──────── Extracted information ────────

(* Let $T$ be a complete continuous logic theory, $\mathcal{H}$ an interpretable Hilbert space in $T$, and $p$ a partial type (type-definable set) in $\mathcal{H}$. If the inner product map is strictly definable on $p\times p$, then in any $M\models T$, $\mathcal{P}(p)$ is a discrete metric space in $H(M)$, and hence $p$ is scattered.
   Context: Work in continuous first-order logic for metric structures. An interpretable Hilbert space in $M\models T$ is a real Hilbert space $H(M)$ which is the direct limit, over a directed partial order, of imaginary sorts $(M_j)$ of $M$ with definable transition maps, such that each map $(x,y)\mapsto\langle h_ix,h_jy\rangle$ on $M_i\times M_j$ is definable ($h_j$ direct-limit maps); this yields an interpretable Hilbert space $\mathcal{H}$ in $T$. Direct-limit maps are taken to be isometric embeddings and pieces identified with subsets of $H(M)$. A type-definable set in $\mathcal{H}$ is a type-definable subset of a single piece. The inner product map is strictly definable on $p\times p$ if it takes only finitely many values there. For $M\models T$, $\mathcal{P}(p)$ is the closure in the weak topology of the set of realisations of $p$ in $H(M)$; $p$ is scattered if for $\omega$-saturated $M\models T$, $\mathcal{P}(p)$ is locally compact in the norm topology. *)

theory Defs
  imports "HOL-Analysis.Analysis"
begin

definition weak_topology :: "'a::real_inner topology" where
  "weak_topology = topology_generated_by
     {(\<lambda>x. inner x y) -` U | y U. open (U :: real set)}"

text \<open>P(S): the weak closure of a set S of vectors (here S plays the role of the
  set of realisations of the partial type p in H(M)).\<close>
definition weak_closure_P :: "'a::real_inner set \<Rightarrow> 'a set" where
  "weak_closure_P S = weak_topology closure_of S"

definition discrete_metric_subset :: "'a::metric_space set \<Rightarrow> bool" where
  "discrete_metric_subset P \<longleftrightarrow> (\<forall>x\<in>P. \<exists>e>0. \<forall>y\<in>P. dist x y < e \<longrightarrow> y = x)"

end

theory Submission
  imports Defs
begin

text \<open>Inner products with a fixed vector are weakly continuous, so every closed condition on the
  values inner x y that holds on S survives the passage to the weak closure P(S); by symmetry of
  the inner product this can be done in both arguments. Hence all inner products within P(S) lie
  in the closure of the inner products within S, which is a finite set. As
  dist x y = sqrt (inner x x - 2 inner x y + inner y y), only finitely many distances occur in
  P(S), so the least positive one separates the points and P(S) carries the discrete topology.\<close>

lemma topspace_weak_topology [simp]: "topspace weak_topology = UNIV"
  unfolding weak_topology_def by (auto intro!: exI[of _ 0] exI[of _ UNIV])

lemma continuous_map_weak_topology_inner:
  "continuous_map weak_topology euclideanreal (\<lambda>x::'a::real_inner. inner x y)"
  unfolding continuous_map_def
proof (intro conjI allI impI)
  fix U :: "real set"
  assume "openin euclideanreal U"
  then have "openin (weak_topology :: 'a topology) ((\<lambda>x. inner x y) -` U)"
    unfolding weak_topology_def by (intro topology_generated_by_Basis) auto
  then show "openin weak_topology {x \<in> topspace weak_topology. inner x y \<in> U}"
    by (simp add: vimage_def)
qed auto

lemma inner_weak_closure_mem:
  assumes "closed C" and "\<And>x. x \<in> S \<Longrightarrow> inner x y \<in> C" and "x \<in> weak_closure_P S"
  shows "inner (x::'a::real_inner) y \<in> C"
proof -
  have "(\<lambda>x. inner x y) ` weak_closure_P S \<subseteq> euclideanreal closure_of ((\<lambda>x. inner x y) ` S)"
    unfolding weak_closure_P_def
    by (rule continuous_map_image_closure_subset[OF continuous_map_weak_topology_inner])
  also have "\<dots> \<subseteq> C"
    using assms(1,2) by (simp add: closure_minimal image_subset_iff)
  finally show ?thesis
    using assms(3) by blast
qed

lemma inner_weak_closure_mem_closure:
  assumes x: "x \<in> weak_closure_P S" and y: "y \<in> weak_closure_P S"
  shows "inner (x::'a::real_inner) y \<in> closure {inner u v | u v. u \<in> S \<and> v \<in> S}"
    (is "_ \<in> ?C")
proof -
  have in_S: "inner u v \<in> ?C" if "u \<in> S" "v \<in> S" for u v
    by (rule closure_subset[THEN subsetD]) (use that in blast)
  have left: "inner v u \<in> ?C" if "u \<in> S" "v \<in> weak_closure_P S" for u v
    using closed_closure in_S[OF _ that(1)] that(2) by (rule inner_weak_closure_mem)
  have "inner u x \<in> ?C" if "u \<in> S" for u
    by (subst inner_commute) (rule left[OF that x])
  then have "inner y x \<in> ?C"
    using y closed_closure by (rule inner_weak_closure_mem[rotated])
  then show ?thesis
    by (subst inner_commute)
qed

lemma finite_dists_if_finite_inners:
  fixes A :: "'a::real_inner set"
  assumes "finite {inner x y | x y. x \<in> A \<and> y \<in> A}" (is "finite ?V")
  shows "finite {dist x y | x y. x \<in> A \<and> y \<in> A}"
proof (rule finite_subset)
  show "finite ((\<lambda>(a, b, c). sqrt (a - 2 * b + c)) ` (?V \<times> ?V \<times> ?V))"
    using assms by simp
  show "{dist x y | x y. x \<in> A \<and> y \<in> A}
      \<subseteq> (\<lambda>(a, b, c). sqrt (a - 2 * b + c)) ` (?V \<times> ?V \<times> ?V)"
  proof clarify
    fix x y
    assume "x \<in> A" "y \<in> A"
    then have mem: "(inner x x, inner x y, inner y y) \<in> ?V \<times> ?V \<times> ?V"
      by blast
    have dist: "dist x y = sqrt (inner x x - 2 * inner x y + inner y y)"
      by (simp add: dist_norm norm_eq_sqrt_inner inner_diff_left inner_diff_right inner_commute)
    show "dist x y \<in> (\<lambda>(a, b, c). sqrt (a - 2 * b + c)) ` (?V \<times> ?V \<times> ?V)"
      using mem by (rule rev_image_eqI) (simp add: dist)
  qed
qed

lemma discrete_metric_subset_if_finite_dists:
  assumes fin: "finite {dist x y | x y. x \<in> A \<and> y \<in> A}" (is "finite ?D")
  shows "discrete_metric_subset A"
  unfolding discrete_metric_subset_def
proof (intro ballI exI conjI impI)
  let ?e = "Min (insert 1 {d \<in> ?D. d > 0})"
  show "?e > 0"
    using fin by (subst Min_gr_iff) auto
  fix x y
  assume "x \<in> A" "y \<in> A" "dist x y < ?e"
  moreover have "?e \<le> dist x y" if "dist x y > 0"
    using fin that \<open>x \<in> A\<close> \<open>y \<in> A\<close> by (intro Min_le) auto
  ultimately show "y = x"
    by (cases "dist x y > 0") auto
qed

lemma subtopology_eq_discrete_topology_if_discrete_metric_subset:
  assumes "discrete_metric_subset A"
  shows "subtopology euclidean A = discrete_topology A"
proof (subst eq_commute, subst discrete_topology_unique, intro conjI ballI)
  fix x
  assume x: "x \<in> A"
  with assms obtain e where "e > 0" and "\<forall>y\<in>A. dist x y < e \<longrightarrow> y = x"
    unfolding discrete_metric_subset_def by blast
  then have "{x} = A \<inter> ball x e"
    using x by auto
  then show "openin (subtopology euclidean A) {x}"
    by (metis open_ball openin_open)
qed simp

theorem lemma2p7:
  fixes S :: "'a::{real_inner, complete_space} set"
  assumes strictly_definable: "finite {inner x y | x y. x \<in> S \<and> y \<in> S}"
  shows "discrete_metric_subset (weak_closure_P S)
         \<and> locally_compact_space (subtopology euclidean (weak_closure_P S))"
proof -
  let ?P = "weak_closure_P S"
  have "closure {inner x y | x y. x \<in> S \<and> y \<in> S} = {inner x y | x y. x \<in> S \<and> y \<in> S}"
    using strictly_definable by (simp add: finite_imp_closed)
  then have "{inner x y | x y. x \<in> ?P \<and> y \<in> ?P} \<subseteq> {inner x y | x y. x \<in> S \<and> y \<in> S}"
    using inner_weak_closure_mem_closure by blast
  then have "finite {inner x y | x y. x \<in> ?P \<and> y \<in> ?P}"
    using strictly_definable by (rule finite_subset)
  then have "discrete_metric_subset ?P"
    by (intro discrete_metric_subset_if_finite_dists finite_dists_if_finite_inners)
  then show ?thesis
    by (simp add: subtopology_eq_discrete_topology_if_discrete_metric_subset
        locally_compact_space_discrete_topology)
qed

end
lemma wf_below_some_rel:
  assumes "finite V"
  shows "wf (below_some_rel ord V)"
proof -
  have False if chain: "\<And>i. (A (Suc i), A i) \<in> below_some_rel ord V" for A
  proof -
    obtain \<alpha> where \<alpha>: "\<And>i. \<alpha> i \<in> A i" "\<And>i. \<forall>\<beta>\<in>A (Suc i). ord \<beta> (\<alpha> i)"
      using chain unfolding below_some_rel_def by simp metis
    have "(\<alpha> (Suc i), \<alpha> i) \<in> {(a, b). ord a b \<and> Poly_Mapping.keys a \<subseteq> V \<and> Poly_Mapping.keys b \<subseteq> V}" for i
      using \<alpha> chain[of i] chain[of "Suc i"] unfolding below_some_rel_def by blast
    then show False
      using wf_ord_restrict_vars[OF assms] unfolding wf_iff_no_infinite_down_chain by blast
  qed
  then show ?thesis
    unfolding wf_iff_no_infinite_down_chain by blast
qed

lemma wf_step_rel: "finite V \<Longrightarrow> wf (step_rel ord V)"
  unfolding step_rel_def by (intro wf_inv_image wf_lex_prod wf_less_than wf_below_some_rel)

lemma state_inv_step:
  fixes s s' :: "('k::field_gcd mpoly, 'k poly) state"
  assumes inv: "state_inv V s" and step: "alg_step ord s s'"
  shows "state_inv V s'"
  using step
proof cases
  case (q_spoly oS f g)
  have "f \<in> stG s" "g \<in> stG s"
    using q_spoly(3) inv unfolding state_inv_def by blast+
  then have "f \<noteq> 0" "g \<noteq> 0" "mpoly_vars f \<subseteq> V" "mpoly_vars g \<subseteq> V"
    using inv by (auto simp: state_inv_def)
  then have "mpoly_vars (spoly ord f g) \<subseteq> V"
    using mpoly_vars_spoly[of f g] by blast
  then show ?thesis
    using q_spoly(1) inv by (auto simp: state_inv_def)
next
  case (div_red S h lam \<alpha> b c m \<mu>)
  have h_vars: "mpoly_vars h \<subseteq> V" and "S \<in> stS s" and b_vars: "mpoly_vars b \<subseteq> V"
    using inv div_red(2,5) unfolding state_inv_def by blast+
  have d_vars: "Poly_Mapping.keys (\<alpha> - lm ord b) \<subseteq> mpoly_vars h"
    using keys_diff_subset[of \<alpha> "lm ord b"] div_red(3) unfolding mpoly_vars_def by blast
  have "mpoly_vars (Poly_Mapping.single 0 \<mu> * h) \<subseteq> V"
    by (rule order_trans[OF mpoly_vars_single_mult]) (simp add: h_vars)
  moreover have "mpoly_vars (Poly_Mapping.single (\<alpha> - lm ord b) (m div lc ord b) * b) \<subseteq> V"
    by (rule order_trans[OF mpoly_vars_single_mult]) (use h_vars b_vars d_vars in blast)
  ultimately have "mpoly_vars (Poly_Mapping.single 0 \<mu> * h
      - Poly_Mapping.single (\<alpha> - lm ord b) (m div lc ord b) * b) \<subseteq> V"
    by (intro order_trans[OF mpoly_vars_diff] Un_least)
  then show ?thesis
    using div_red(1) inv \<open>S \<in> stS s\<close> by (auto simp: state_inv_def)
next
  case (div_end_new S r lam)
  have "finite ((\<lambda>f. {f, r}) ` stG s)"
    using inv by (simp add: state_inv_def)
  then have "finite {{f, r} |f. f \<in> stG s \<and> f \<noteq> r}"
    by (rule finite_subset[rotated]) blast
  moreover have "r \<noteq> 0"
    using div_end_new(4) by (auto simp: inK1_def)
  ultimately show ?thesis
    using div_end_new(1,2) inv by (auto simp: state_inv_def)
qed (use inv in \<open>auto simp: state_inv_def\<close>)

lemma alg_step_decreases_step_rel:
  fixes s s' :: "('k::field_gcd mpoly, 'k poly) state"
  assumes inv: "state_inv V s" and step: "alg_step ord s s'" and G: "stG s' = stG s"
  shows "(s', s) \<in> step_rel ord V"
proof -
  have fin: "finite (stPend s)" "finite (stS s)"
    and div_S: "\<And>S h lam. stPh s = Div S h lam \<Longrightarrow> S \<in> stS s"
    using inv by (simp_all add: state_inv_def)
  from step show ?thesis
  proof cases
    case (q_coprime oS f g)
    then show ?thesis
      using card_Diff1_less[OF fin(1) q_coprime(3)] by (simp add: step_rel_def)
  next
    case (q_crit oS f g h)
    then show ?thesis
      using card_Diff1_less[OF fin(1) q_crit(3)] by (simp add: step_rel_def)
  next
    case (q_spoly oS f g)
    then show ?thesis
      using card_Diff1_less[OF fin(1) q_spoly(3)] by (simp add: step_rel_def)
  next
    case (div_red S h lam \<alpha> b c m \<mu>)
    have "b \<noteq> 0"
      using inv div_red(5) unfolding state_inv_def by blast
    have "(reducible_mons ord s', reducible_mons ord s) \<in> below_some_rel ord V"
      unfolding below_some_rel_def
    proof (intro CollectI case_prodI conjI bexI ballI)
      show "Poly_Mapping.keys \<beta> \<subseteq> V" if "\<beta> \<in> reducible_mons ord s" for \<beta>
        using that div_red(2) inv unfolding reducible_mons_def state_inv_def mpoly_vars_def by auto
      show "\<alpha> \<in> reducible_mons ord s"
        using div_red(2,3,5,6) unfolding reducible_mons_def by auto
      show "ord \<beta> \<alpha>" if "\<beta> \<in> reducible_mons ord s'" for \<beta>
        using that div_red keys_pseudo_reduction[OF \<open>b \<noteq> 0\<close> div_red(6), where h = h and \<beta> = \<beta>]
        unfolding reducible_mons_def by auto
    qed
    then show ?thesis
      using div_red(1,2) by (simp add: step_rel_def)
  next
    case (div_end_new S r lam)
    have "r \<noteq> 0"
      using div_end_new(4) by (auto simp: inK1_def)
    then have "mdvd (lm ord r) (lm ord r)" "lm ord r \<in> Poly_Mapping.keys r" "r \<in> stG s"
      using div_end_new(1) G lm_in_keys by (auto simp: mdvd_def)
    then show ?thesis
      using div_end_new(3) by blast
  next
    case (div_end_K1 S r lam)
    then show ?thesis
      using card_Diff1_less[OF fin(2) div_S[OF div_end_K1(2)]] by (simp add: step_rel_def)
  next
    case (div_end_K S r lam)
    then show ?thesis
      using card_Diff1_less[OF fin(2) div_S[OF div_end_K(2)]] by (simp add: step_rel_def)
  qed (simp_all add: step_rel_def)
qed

────────
──────── Extracted information ────────

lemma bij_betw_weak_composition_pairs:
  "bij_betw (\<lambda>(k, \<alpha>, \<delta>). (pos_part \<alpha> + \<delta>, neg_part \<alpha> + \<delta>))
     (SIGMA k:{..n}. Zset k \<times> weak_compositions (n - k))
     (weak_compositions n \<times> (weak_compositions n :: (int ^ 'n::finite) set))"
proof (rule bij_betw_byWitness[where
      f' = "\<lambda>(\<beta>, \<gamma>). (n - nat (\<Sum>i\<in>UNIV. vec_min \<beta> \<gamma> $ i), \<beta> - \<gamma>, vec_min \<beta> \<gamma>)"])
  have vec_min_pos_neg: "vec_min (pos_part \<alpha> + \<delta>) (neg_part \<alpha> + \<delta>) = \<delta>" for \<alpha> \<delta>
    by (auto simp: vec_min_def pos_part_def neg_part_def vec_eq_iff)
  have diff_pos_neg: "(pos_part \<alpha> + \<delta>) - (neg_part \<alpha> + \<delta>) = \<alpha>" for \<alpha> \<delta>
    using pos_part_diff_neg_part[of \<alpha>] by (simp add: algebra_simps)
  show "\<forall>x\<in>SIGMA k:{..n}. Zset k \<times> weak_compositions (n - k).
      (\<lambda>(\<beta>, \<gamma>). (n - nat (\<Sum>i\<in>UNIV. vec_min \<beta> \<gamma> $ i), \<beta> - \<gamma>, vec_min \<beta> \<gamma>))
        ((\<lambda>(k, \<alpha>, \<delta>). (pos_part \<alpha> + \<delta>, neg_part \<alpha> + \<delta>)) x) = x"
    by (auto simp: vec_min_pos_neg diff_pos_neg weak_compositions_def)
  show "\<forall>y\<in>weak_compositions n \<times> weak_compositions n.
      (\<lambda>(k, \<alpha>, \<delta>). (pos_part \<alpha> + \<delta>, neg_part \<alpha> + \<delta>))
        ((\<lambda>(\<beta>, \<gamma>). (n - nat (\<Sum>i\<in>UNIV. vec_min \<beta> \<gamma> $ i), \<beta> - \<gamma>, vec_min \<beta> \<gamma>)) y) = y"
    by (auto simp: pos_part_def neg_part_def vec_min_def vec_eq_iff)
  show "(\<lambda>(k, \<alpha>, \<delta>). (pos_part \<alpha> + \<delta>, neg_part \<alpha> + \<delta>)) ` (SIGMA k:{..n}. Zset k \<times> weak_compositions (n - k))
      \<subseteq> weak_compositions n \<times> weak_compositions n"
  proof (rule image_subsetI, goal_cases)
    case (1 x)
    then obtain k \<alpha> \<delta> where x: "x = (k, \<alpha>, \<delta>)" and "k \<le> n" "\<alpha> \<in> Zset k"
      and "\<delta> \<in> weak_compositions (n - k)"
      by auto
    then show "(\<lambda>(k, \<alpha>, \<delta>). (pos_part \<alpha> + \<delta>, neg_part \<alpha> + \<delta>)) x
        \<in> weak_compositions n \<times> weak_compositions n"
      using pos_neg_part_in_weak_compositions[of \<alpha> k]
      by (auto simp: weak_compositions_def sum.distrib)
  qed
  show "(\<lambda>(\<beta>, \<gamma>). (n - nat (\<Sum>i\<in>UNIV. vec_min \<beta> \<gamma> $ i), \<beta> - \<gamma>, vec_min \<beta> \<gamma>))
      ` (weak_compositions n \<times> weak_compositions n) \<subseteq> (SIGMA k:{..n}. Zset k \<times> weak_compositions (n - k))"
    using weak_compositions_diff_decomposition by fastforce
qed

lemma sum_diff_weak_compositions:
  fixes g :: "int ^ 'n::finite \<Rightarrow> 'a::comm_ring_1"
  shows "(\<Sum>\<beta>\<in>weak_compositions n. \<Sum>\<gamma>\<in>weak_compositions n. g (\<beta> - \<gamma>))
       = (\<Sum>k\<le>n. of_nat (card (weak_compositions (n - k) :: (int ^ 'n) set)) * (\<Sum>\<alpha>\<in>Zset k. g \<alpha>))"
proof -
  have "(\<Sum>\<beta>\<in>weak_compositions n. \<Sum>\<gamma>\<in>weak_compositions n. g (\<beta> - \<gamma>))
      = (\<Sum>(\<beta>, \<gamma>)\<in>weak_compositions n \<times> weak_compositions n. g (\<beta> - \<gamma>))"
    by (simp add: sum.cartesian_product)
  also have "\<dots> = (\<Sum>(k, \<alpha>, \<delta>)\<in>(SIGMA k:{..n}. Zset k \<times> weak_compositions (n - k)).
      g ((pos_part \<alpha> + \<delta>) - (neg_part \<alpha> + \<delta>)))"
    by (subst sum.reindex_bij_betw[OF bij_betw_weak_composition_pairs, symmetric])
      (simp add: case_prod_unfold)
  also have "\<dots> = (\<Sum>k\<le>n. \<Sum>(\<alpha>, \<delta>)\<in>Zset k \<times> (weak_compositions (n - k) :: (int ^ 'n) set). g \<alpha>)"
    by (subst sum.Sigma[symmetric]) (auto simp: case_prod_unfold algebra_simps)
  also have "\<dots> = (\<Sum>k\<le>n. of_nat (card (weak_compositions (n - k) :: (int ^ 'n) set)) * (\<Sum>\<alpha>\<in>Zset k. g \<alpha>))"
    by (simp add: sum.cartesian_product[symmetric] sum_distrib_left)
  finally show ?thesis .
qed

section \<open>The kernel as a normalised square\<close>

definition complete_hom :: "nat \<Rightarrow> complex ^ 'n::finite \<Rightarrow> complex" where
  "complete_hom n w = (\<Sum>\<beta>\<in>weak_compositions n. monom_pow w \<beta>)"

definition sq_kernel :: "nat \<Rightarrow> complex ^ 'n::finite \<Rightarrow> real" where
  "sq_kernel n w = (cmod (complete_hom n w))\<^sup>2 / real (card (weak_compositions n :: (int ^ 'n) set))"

────────
──────── Extracted information ────────

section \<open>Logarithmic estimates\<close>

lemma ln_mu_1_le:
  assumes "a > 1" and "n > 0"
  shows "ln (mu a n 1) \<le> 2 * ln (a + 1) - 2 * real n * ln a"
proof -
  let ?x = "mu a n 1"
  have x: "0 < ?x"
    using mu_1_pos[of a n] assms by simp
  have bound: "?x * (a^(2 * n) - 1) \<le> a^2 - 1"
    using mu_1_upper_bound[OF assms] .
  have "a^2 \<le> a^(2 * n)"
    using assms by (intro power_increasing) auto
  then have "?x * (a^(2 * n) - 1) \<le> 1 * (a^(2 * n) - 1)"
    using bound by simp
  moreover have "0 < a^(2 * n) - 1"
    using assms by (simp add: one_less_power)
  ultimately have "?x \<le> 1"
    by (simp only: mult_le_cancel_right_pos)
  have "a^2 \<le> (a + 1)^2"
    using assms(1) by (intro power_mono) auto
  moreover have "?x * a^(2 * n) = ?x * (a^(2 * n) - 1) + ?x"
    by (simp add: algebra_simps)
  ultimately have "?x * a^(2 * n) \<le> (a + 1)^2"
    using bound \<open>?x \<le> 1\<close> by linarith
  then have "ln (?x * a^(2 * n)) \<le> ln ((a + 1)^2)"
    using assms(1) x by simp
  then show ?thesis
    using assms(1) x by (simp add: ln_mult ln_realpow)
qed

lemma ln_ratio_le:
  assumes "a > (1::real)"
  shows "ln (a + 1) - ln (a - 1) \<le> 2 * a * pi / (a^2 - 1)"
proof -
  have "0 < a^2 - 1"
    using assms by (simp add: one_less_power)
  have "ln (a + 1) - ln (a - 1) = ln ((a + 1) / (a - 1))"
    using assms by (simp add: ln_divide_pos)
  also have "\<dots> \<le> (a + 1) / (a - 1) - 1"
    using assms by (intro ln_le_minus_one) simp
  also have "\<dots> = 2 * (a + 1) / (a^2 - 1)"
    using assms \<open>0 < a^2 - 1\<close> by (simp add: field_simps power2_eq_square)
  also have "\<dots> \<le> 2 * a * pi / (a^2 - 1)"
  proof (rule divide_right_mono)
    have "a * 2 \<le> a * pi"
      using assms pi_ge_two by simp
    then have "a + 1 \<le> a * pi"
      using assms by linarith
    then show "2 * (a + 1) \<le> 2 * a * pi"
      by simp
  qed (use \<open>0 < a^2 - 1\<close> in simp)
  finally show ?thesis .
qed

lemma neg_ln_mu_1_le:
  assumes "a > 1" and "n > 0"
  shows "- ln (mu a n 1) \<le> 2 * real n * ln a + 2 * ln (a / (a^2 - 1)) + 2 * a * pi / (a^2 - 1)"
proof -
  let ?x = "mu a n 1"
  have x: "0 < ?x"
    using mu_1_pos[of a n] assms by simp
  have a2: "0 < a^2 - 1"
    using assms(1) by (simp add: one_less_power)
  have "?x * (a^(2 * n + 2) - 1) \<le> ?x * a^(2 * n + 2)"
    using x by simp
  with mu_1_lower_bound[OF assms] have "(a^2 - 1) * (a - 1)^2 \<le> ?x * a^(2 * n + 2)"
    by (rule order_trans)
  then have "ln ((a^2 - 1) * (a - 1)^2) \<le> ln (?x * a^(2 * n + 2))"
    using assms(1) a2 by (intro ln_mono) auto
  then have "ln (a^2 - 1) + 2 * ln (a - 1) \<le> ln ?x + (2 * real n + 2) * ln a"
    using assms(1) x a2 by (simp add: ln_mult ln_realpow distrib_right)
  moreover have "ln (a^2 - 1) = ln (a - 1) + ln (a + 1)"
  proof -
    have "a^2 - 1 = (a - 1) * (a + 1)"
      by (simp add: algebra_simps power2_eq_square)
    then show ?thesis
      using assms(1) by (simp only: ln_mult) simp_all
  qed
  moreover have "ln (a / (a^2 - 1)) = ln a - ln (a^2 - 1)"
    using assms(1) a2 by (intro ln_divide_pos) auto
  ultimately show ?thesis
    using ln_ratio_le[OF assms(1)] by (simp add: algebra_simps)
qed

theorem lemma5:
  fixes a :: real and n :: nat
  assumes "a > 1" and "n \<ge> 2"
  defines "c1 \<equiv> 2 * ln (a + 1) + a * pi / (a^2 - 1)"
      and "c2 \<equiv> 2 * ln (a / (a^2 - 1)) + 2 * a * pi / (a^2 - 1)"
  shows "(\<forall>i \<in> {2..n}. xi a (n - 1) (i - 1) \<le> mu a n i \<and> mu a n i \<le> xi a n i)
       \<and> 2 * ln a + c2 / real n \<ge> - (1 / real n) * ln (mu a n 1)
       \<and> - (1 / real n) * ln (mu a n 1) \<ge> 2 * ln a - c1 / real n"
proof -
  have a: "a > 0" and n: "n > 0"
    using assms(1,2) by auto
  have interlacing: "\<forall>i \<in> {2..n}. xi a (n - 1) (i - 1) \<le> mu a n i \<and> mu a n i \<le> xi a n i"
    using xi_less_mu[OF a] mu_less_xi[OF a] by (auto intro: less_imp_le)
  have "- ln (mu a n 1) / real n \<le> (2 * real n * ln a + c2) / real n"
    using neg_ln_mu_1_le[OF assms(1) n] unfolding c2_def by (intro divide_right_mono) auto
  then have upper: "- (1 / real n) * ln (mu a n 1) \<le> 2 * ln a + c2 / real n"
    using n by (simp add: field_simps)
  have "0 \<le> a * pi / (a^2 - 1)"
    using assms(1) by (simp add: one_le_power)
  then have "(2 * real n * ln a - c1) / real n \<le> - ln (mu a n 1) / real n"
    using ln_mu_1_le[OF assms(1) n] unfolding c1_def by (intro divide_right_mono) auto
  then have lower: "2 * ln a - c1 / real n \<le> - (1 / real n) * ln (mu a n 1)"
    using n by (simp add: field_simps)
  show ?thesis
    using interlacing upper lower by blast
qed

────────

Your assignment:
Work out how many lines of the preceding data contain the word "products". Reply with that number only.

Your response:
3